Courts

Man convicted of murder in deadly Fair Oaks home invasion

SACRAMENTO, Calif. — A man was convicted last week in a 2010 murder during a home invasion following a cold-case investigation that spanned over three years.

A local jury found John Francis Meskell, 47, guilty of one count of first-degree murder on Friday. The verdict follows a not-guilty plea by Meskell, whose legal team struggled to overcome a plethora of DNA evidence presented by the District Attorney’s Office. A gun charge, previously levied against Meskell for unlawfully possessing a .38 caliber pistol as a felon, was dismissed.

Now, Meskell faces a maximum sentence of life in prison without parole. He returns for sentencing on January 28 before Judge Ernest Sawtelle.

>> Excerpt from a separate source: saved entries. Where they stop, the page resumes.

lemma real_lin_functional_eq_LPhi:
  assumes lin: "real_lin_functional (Vsp N1 N2 N3) L"
  obtains \<Phi> where "\<And>k. \<Phi> (fneg k) = cnj (\<Phi> k)"
    and "\<And>q. q \<in> Vsp N1 N2 N3 \<Longrightarrow> complex_of_real (L q) = LPhi N1 N2 N3 \<Phi> q"
proof
  define \<Phi> where "\<Phi> k = (if k \<in> Delta N1 N2 N3 then of_real (L (cos_mode k)) + \<i> * of_real (L (sin_mode k)) else 0)" for k
  show herm: "\<Phi> (fneg k) = cnj (\<Phi> k)" for k
    using real_lin_functional_scale[OF lin sin_mode_in_Vsp, of k "- 1"]
    unfolding \<Phi>_def by (simp add: cos_mode_fneg sin_mode_fneg)
  fix q assume q: "q \<in> Vsp N1 N2 N3"
  note sum_modes = real_lin_functional_sum[OF lin zero_in_Vsp real_combination_in_Vsp finite_Delta]
  define C where "C j = (\<Sum>k\<in>Delta N1 N2 N3. complex_of_real (Re (q k)) * cos_mode k j)" for j
  define S where "S j = (\<Sum>k\<in>Delta N1 N2 N3. complex_of_real (Im (q k)) * sin_mode k j)" for j
  have C: "C \<in> Vsp N1 N2 N3" "L C = (\<Sum>k\<in>Delta N1 N2 N3. Re (q k) * L (cos_mode k))"
    using sum_modes[where g = cos_mode and a = "\<lambda>k. Re (q k)", OF cos_mode_in_Vsp]
    unfolding C_def by blast+
  have S: "S \<in> Vsp N1 N2 N3" "L S = (\<Sum>k\<in>Delta N1 N2 N3. Im (q k) * L (sin_mode k))"
    using sum_modes[where g = sin_mode and a = "\<lambda>k. Im (q k)", OF sin_mode_in_Vsp]
    unfolding S_def by blast+
  have "q = (\<lambda>j. complex_of_real 1 * C j + complex_of_real (- 1) * S j)"
    using Vsp_eq_sum_modes[OF q] unfolding C_def S_def by simp
  moreover have "L (\<lambda>j. complex_of_real 1 * C j + complex_of_real (- 1) * S j) = 1 * L C + (- 1) * L S"
    using lin C(1) S(1) unfolding real_lin_functional_def by blast
  ultimately have "L q = (\<Sum>k\<in>Delta N1 N2 N3. Re (q k) * L (cos_mode k)) - (\<Sum>k\<in>Delta N1 N2 N3. Im (q k) * L (sin_mode k))"
    using C(2) S(2) by simp
  also have "\<dots> = Re (LPhi N1 N2 N3 \<Phi> q)"
    unfolding LPhi_def Re_sum \<Phi>_def sum_subtractf[symmetric] by (intro sum.cong refl) simp
  finally have "L q = Re (LPhi N1 N2 N3 \<Phi> q)" .
  moreover have "LPhi N1 N2 N3 \<Phi> q \<in> \<real>"
    by (rule LPhi_in_Reals[OF _ q]) (rule herm)
  ultimately show "complex_of_real (L q) = LPhi N1 N2 N3 \<Phi> q"
    by (simp add: complex_is_Real_iff complex_eq_iff)
qed

section \<open>Supporting hyperplanes\<close>

lemma nonneg_supporting_functional_eq_LPhi:
  assumes lin: "real_lin_functional (Vsp N1 N2 N3) L" and nonneg: "\<forall>f\<in>Qset N1 N2 N3. 0 \<le> L f"
    and f0: "f0 \<in> Qset N1 N2 N3" "f0 \<noteq> (\<lambda>_. 0)" "L f0 = 0"
  shows "\<exists>\<Phi>. herm_pos N1 N2 N3 \<Phi> \<and> (\<exists>k\<in>Delta N1 N2 N3. \<Phi> k \<noteq> 0) \<and> det (Amat N1 N2 N3 \<Phi>) = 0
    \<and> {f \<in> Vsp N1 N2 N3. L f = 0} = {f \<in> Vsp N1 N2 N3. LPhi N1 N2 N3 \<Phi> f = 0}"
proof -
  obtain \<Phi> where repr: "\<And>q. q \<in> Vsp N1 N2 N3 \<Longrightarrow> complex_of_real (L q) = LPhi N1 N2 N3 \<Phi> q"
    using real_lin_functional_eq_LPhi[OF lin] by blast
  have "0 \<le> LPhi N1 N2 N3 \<Phi> f" if "f \<in> Qset N1 N2 N3" for f
  proof -
    have "LPhi N1 N2 N3 \<Phi> f = complex_of_real (L f)"
      using repr[OF subsetD[OF Qset_subset_Vsp that]] by simp
    then show ?thesis
      using that nonneg by (simp add: less_eq_complex_def)
  qed
  then have "herm_pos N1 N2 N3 \<Phi>"
    unfolding herm_pos_iff_LPhi_nonneg_on_Qset by blast
  moreover have "\<exists>k\<in>Delta N1 N2 N3. \<Phi> k \<noteq> 0"
  proof (rule ccontr)
    assume "\<not> (\<exists>k\<in>Delta N1 N2 N3. \<Phi> k \<noteq> 0)"
    then have "L q = 0" if "q \<in> Vsp N1 N2 N3" for q
      using repr[OF that] unfolding LPhi_def by simp
    with lin show False
      unfolding real_lin_functional_def by blast
  qed
  moreover have "det (Amat N1 N2 N3 \<Phi>) = 0"
  proof -
    have "LPhi N1 N2 N3 \<Phi> f0 = 0"
      using repr[OF subsetD[OF Qset_subset_Vsp f0(1)]] f0(3) by simp
    with f0 show ?thesis
      unfolding nonzero_Qset_LPhi_eq_0_iff_det_Amat_eq_0[OF \<open>herm_pos N1 N2 N3 \<Phi>\<close>, symmetric] by blast
  qed
  moreover have "{f \<in> Vsp N1 N2 N3. L f = 0} = {f \<in> Vsp N1 N2 N3. LPhi N1 N2 N3 \<Phi> f = 0}"
    using repr by (metis (mono_tags, lifting) of_real_eq_0_iff)
  ultimately show ?thesis
    by blast
qed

According to a law enforcement affidavit obtained and released by The Update, Meskell and another man, Thinh Huu Tran, broke into Cristian’s home over a decade ago in Fair Oaks and began to lie in wait. The men were targeting Cristian’s brother, Marius, a local drug dealer.

Tran was a member of the Sacramento Bad Boys, a Laotian street gang that operated out of Oak Park, and was previously convicted of burglary and drug offenses. Meskell was convicted of felony possession of stolen property in 1996.

In the early morning hours of February 8, Marius entered the home and was promptly accosted by Meskell and Tran. As the group struggled, Tran pistol-whipped Marius and fired off a shot near his face, leaving a grazing laceration above the man’s forehead and stippling around his eye. While Tran and Marius scrapped, Meskell broke off and descended further into the house to confront Cristian.

Marius continued to fight Tran, who eventually backtracked and ran out of the house with Marius chasing behind him. After Tran fled the premesis, Marius looked through his bedroom window and saw Meskell standing over his brother, Cristian, attempting to tie his hands. He armed himself with a roof shovel and went to save him.

Marius entered the room and threw the shovel at Meskell to distract him while arming himself with a shotgun. Meskell turned and fired several rounds towards Marius, narrowly missing Marius and causing damage to his bedroom wall and window.

After Marius found the shotgun, both he and Meskell went for the weapon. Cristian reached for the weapon’s barrel, and it suddenly went off, striking him in the abdomen. He crawled into an adjacent bedroom and was later pronounced dead at a local hospital. Meskell was observed by a neighbor, Jason Wolfe, who saw him run from the Anton house on foot and leave in a Ford pick-up truck.

Following the killing, homicide detectives began to investigate, primarily by questioning Marius and his various drug connections. The case soon became cold.

Months later, the District Attorney’s Office Crime Lab notified authorities of a DNA match in an open robbery case. DNA from Meskell, already in the system, was found on a pair of zip-ties used to restrain an elderly couple in Land Park during a home invasion a year prior.

Two suspects, one heavyset, broke into the home of Lee and May Kwong. Lee, 88, was struck in the head and bled heavily. Officials searched Meskell’s home and seized two pistols and four pills containing methamphetamine. Meskell told authorities that the pistols were kept in his garage by an Asian friend, Tim, later identified as Mr. Tran.

Meskell was later acquitted of robbing the Kwongs, but pleaded guilty to illegally possessing the two guns found in his home. One of the pistols, an Astra .22, didn’t return positive swabs for Meskell or the Kwongs. Instead, it was a match for Marius Anton. The gun matched a spent .22 casing found at the murder scene, and in 2017, the investigation was reopened with Meskell and Tran as prime suspects.

In 2019, a new test by the District Attorney’s Office Crime Lab revealed that a mixture of DNA was found on a zip-tie found at the murder scene. The mixture was partially made of DNA from Cristian Anton and an unknown male contributor.

Criminalist Ryan Nickell, tasked with examining the test results, found that Meskell was the unknown party. Nickell had determined that it was 1000 times more likely that the DNA belonged to Anton and Meskell than Anton and someone else.